A subdocument entity has its own DOCTYPE declaration, and
may be treated as an independent document. Therefore, it may contain only
a single subtree of elements.
XInclude
The proposed xinclude element is simply an element belonging
to a particular namespace. It may be used in any XML DTD (or schema) or any
document which declares the namespace containing the element. The xinclude
element is required to have certain attributes, which are defined by the XInclude
Draft proposal. It may also have attributes and content specific to a particular
schema. The resource referenced by an xinclude element should
contain text or well-formed XML.
XLink
The XLink proposal defines a family of attributes in a particular namespace.
These attributes may be used with elements in an arbitrary XML schema or document
to impose link semantics on these elements. The value embed for
XLink show attribute may be seen as providing a "run-time" include
facility. However the referenced resource is not required to be XML. For example,
an icon in a document could model an XLink which would "embed" the complete
graphic when clicked.
Examples
The following set of examples illustrates the differences between the
four methods. In each case, the element preparation contains
three optional sub-elements, each of which is stored in a separate entity.
Parsed entities
Using external parsed entities the preparation element
could be coded as follows.
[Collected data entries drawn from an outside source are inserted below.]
(* Let $a\in L_{1,\mathrm{loc}}(\mathbb C^d)$ be not a.e. zero, and suppose there is $c>0$ such that $|a(z)|e^{-|z|^2}=O(e^{-c|z|})$ as $|z|\to\infty$. Then the Toeplitz operator $T_a$ on the Fock space $\mathcal F^2(\mathbb C^d)$ defined by the form $\mathbf F_a(u,v)=\pi^{-d}\int_{\mathbb C^d}a(z)u(z)\overline{v(z)}e^{-|z|^2}dV(z)$ is not the zero operator; more precisely, there exist multi-indices $\alpha,\beta\in\mathbb Z_+^d$ such that $\int_{\mathbb C^d}a(z)z^\alpha\bar z^\beta e^{-|z|^2}\,dV(z)\ne0$.
   Context: $dV$ is Lebesgue measure on $\mathbb C^d\cong\mathbb R^{2d}$. The Fock space $\mathcal F^2(\mathbb C^d)$ consists of entire functions $u$ on $\mathbb C^d$ with $\pi^{-d}\int_{\mathbb C^d}|u(z)|^2e^{-|z|^2}dV(z)<\infty$; its monomials $z^\alpha$ span a dense subspace. For multi-indices, $z^\alpha=z_1^{\alpha_1}\cdots z_d^{\alpha_d}$. The Toeplitz operator $T_a$ is the operator with $\langle T_au,v\rangle=\mathbf F_a(u,v)$ on those $u,v$ (e.g. polynomials) for which the integral converges. *)

theory Defs
  imports "HOL-Analysis.Analysis"
begin

text \<open>Points of C^d are modelled as complex ^ 'd for a finite index type 'd
  (d = CARD('d)); lborel on this type is Lebesgue measure on R^(2d).\<close>

definition locally_integrable :: "(complex ^ 'd \<Rightarrow> complex) \<Rightarrow> bool" where
  "locally_integrable a \<longleftrightarrow> a \<in> borel_measurable lborel \<and>
     (\<forall>K. compact K \<longrightarrow> set_integrable lborel K a)"

definition cmonom :: "('d \<Rightarrow> nat) \<Rightarrow> complex ^ 'd \<Rightarrow> complex" where
  "cmonom \<alpha> z = (\<Prod>i\<in>UNIV. (z $ i) ^ \<alpha> i)"

end

theory Submission
  imports Defs
begin

text \<open>
  Put f(z) = a(z) exp(-|z|^2). The decay hypothesis makes |f(z)| exp(c'|z|) (1 + |z|)^k
  integrable for c' = c/2 and every k. If all moments of f against z^\<alpha> conj(z)^\<beta> vanished,
  then so would the integral of f q exp(i<s,z>) for every polynomial q in z and conj(z):
  for |t| \<le> c' the power series of exp(i<t,z>) has such polynomials as terms and partial sums
  dominated by exp(c'|z|), so vanishing passes from s to s + t, and any s is reached in
  finitely many such steps. Thus the integrable function f has vanishing Fourier transform,
  so f, and hence a, vanishes almost everywhere. Fourier uniqueness in turn follows by
  approximating the indicator of a box boundedly and pointwise by trigonometric polynomials
  and applying Lebesgue's differentiation theorem.
\<close>

section \<open>Trigonometric polynomials and uniqueness of the Fourier transform\<close>

inductive trig_poly :: "('a::real_inner \<Rightarrow> complex) \<Rightarrow> bool" where
  character: "trig_poly (\<lambda>x. exp (\<i> * complex_of_real (s \<bullet> x)))"
| scale: "trig_poly f \<Longrightarrow> trig_poly (\<lambda>x. c * f x)"
| add: "trig_poly f \<Longrightarrow> trig_poly g \<Longrightarrow> trig_poly (\<lambda>x. f x + g x)"

lemma trig_poly_const: "trig_poly (\<lambda>x. c)"
  using trig_poly.scale[OF trig_poly.character[of 0], of c] by simp

lemma trig_poly_mult_character:
  "trig_poly f \<Longrightarrow> trig_poly (\<lambda>x. f x * exp (\<i> * complex_of_real (s \<bullet> x)))"
proof (induction rule: trig_poly.induct)
  case (character t)
  show ?case
    using trig_poly.character[of "t + s"]
    by (simp add: inner_add_left exp_add distrib_left)
qed (auto simp: distrib_right mult.assoc intro: trig_poly.intros)

lemma trig_poly_mult:
  assumes "trig_poly f" and "trig_poly g" shows "trig_poly (\<lambda>x. f x * g x)"
  using assms(2)
proof (induction rule: trig_poly.induct)
  case (scale g c)
  then show ?case using trig_poly.scale[of _ c] by (simp add: mult.left_commute)
qed (auto simp: distrib_left intro: trig_poly.intros trig_poly_mult_character assms(1))

lemma trig_poly_prod:
  "finite I \<Longrightarrow> (\<And>i. i \<in> I \<Longrightarrow> trig_poly (f i)) \<Longrightarrow> trig_poly (\<lambda>x. \<Prod>i\<in>I. f i x)"
  by (induction I rule: finite_induct) (auto intro: trig_poly_const trig_poly_mult)

lemma trig_poly_compose_inner:
  "trig_poly (h :: real \<Rightarrow> complex) \<Longrightarrow> trig_poly (\<lambda>x. h (x \<bullet> b))"
proof (induction rule: trig_poly.induct)
  case (character s)
  show ?case using trig_poly.character[of "s *\<^sub>R b"] by (simp add: inner_commute)
qed (auto intro: trig_poly.intros)

lemma trig_poly_sin: "trig_poly (\<lambda>y::real. complex_of_real (sin (\<theta> * y)))"
proof -
  have "complex_of_real (sin (\<theta> * y)) =
      (- \<i> / 2) * exp (\<i> * complex_of_real (\<theta> \<bullet> y)) + (\<i> / 2) * exp (\<i> * complex_of_real ((- \<theta>) \<bullet> y))" for y
    by (simp add: sin_of_real[symmetric] sin_exp_eq field_simps)
  then show ?thesis by (simp only: trig_poly.intros)
qed

lemma trig_poly_real_polynomial_compose:
  assumes "real_polynomial_function g" and "trig_poly (\<lambda>x. complex_of_real (u x))"
  shows "trig_poly (\<lambda>x. complex_of_real (g (u x)))"
  using assms(1)
proof (induction rule: real_polynomial_function.induct)
  case (linear g)
  then obtain c where "g = (\<lambda>t. t * c)" by (auto simp: real_bounded_linear)
  then show ?case using trig_poly.scale[OF assms(2), of c] by (simp add: mult.commute)
qed (auto intro: trig_poly.intros trig_poly_const trig_poly_mult)

lemma continuous_on_trig_poly: "trig_poly f \<Longrightarrow> continuous_on S f"
  by (induction rule: trig_poly.induct) (auto intro!: continuous_intros)

lemma integral_trig_poly_eq_0:
  fixes f :: "'a::euclidean_space \<Rightarrow> complex"
  assumes f: "integrable lborel f"
    and fourier: "\<And>s. (LINT x|lborel. f x * exp (\<i> * complex_of_real (s \<bullet> x))) = 0"
    and "trig_poly g"
  shows "integrable lborel (\<lambda>x. f x * g x) \<and> (LINT x|lborel. f x * g x) = 0"
  using \<open>trig_poly g\<close>
proof (induction rule: trig_poly.induct)
  case (character s)
  have [measurable]: "f \<in> borel_measurable lborel" using f by (rule borel_measurable_integrable)
  have "integrable lborel (\<lambda>x. f x * exp (\<i> * complex_of_real (s \<bullet> x)))"
    by (rule Bochner_Integration.integrable_bound[OF integrable_norm[OF f]]) (auto simp: norm_mult)
  then show ?case using fourier by simp
next
  case (scale g c)
  then show ?case by (simp add: mult.left_commute)
qed (simp add: distrib_left)

lemma tendsto_infdist_cutoff_indicator:
  fixes S :: "'a::metric_space set"
  assumes "closed S" "S \<noteq> {}"
  shows "(\<lambda>n. max 0 (1 - real n * infdist x S)) \<longlonglongrightarrow> indicator S x"
proof (cases "x \<in> S")
  case True
  then show ?thesis by simp
next
  case False
  then have d: "infdist x S > 0" using assms by (intro infdist_pos_not_in_closed)
  have "\<forall>\<^sub>F n in sequentially. 1 / infdist x S \<le> real n"
    by (rule eventually_ge_at_top[THEN eventually_mono, of "nat \<lceil>1 / infdist x S\<rceil>"]) linarith
  then have "\<forall>\<^sub>F n in sequentially. max 0 (1 - real n * infdist x S) = 0"
    by eventually_elim (use d in \<open>auto simp: field_simps\<close>)
  then show ?thesis using False by (simp add: tendsto_eventually)
qed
The content model of each kind of included element
is described by the parameter entities tools.content, etc. which
are not defined here.
<!ELEMENT preparation (tools?, products?, parts?) >
<!ELEMENT tools (%tools.content;) >
<!ELEMENT products (%products.content;) >
<!ELEMENT parts (%parts.content;) >
<!ENTITY include_tools SYSTEM "tools.xml">
<!ENTITY include_products SYSTEM "products.xml">
<!ENTITY include_parts SYSTEM "parts.xml">
.....
<preparation>
&include_tools;
&include_products;
&include_parts;
</preparation>
Subdocument entities
Using SUBDOC entity references in attribute values would
produce the following. Note that the DTD no longer uses tools.content,
etc.
<!ELEMENT preparation (tools?, products?, parts?) >
<!ELEMENT tools EMTPY >
<!ATTLIST tools
name ENTITY #REQUIRED >
<!-- etc -->
....
<!ENTITY include_tools SYSTEM "tools.xml" SUBDOC >
<!ENTITY include_products SYSTEM "products.xml" SUBDOC >
<!ENTITY include_parts SYSTEM "parts.xml" SUBDOC >
.....
<preparation>
<tools name="include_tools"/>
<products name="include_products"/>
<parts name="include_parts"/>
</preparation>
XInclude
Using the XInclude proposition as it stands, and assuming that the prefix xinc
is associated with the XInclude namespace, we would have the following structure.
Notice that this conveys much less information than the previous example,
as the element name is always the same. If the include element were identified
by a marker attribute, as in XLink, rather than by a fixed name, the DTD could
distinguish the three kinds of included elements.
<!ELEMENT preparation (xinc:include?, xinc:include?, xinc:include?) >
...
<preparation>
<xinc:include href="tools.xml"/>
<xinc:include href="products.xml"/>
<xinc:include href="parts.xml"/>
</preparation>
XLink
Finally, using the prefix xlink to designate the XLink
namespace, we define the elements tools, products,
and parts to be simple links. The use of "marker attributes"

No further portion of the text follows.